### INPUT DATA
>>

(* Let $1<q<2$. Then for every $u\in C^\infty_0(\mathbb{R}^2)$, \[ \mathcal{T}_q\,\left(\int_{\mathbb{R}^2} |u|^\frac{4\,q}{2-q}\, dx\right)^\frac{2-q}{2\,q}\le \left(\int_{\mathbb{R}^2} |u_{x_1}|^2\, dx\right)^\frac{1}{2}\,\left(\int_{\mathbb{R}^2} |u_{x_2}|^q\, dx\right)^\frac{1}{q}, \qquad\text{where }\ \mathcal{T}_q=\frac{(2-q)^2}{4\,q^2-(2-q)^2}>0. \] *)

theory Defs
  imports "HOL-Analysis.Analysis"
begin

text \<open>Functions on R^2 are modelled as functions on real \<times> real; the
first component is x1, the second x2.\<close>

definition partial1 :: "(real \<times> real \<Rightarrow> real) \<Rightarrow> real \<times> real \<Rightarrow> real" where
  "partial1 f = (\<lambda>(x, y). deriv (\<lambda>t. f (t, y)) x)"

definition partial2 :: "(real \<times> real \<Rightarrow> real) \<Rightarrow> real \<times> real \<Rightarrow> real" where
  "partial2 f = (\<lambda>(x, y). deriv (\<lambda>t. f (x, t)) y)"

fun Ck :: "nat \<Rightarrow> (real \<times> real \<Rightarrow> real) \<Rightarrow> bool" where
  "Ck 0 f = continuous_on UNIV f"
| "Ck (Suc k) f = (f differentiable_on UNIV \<and> Ck k (partial1 f) \<and> Ck k (partial2 f))"

definition smooth2 :: "(real \<times> real \<Rightarrow> real) \<Rightarrow> bool" where
  "smooth2 f = (\<forall>k. Ck k f)"

definition C_infty_0 :: "(real \<times> real \<Rightarrow> real) \<Rightarrow> bool" where
  "C_infty_0 f = (smooth2 f \<and> compact (closure {x. f x \<noteq> 0}))"

end

theory Submission
  imports Defs
begin

(* Choose s, t > 1 with s + t = p = 4q/(2-q). Integrating the derivative of |u|^s along horizontal
   lines and that of |u|^t along vertical lines bounds |u(x1,x2)|^p by a function of x2 times a
   function of x1, so by Fubini
     \<integral>|u|^p \<le> s t (\<integral>|u|^(s-1) |u_x1|) (\<integral>|u|^(t-1) |u_x2|).
   With s - 1 = p/2 and t - 1 = p/q' (q' the conjugate exponent of q), Hoelder's inequality bounds
   the two factors by (\<integral>|u|^p)^(1/2) \<parallel>u_x1\<parallel>_2 and (\<integral>|u|^p)^(1/q') \<parallel>u_x2\<parallel>_q; dividing by these
   powers of \<integral>|u|^p leaves the claim with the constant 1/(s t) = T_q. Nothing changes if 2 and q
   are replaced by any exponents m, r > 1. *)

lemma has_real_derivative_abs_powr:
  fixes s r :: real
  assumes s: "1 < s"
  shows "((\<lambda>y. \<bar>y\<bar> powr s) has_real_derivative s * \<bar>r\<bar> powr (s - 1) * sgn r) (at r)"
proof -
  consider "0 < r" | "r < 0" | "r = 0" by linarith
  then show ?thesis
  proof cases
    case 1
    have "eventually (\<lambda>y. \<bar>y\<bar> powr s = y powr s) (nhds r)"
      using eventually_nhds_in_open[of "{0<..}" r] 1 by (auto elim!: eventually_mono)
    then show ?thesis
      by (subst DERIV_cong_ev[OF refl _ refl]) (use 1 has_real_derivative_powr[of r s] in simp_all)
  next
    case 2
    have "eventually (\<lambda>y. \<bar>y\<bar> powr s = (- y) powr s) (nhds r)"
      using eventually_nhds_in_open[of "{..<0}" r] 2 by (auto elim!: eventually_mono)
    moreover have "((\<lambda>y. (- y) powr s) has_real_derivative s * (- r) powr (s - 1) * (- 1)) (at r)"
      using 2 by (auto intro!: derivative_eq_intros)
    ultimately show ?thesis
      by (subst DERIV_cong_ev[OF refl _ refl]) (use 2 in simp_all)
  next
    case 3
    have lim: "((\<lambda>y. \<bar>y\<bar> powr (s - 1)) \<longlongrightarrow> 0) (at 0)"
      by (rule tendsto_zero_powrI) (use s in \<open>auto intro!: tendsto_eq_intros\<close>)
    have bound: "norm (\<bar>y\<bar> powr s / y) \<le> \<bar>y\<bar> powr (s - 1)" for y :: real
    proof (cases "y = 0")
      case False
      then have "\<bar>y\<bar> powr s = \<bar>y\<bar> powr (s - 1) * \<bar>y\<bar>"
        by (simp add: powr_diff)
      then show ?thesis
        using False by (simp add: abs_mult)
    qed simp
    have "((\<lambda>y. \<bar>y\<bar> powr s / y) \<longlongrightarrow> 0) (at 0)"
      using Lim_null_comparison[OF always_eventually[OF allI[OF bound]] lim] .
    then show ?thesis
      using 3 s by (simp add: DERIV_def)
  qed
qed
lemma one_minus_binomial_sum:
  fixes x :: real and g :: "nat \<Rightarrow> real"
  assumes "g 0 = 1"
  shows "1 - (\<Sum>k\<le>n. real (n choose k) * (-2) ^ k * (g k - x))
       = (-1) ^ n * x + (\<Sum>k=1..n. (-1) ^ (k + 1) * real (n choose k) * 2 ^ k * g k)"
proof -
  have binomial: "(\<Sum>k\<le>n. real (n choose k) * (-2) ^ k) = (-1) ^ n"
    using binomial_ring[of "-2 :: real" 1 n] by (simp add: mult_ac)
  have "(\<Sum>k\<le>n. real (n choose k) * (-2) ^ k * g k) = 1 + (\<Sum>k=1..n. real (n choose k) * (-2) ^ k * g k)"
    using assms by (simp add: atMost_atLeast0 sum.atLeast_Suc_atMost)
  moreover have "(-2 :: real) ^ k = - ((-1) ^ (k + 1) * 2 ^ k)" for k
    by (simp add: power_minus')
  ultimately have "(\<Sum>k\<le>n. real (n choose k) * (-2) ^ k * g k)
      = 1 - (\<Sum>k=1..n. (-1) ^ (k + 1) * real (n choose k) * 2 ^ k * g k)"
    by (simp add: sum_negf mult_ac)
  then show ?thesis
    by (simp add: right_diff_distrib sum_subtractf binomial flip: sum_distrib_right)
qed

lemma random_subset_prob_contains_facet:
  fixes r :: real
  assumes "n \<ge> 1"
  shows "random_subset_prob r (cube n) (Collect (contains_facet n))
       = (-1) ^ n * r ^ 2 ^ n + (\<Sum>k=1..n. (-1) ^ (k + 1) * real (n choose k) * 2 ^ k * r ^ (2 ^ n - 2 ^ (n - k)))"
  unfolding contains_facet_def[abs_def]
  using random_subset_prob_covers_some[OF finite_cube[of n], where A = "{..<n} \<times> UNIV" and H = "facet n"]
  by (simp add: facet_subset_cube sum_Pow_facets[OF assms] one_minus_binomial_sum)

<<

### WHAT IS EXPECTED
From the data above, gather every line that includes the word "assumes".

### FINISHED TASK
  assumes s: "1 < s"
  assumes "g 0 = 1"
  assumes "n \<ge> 1"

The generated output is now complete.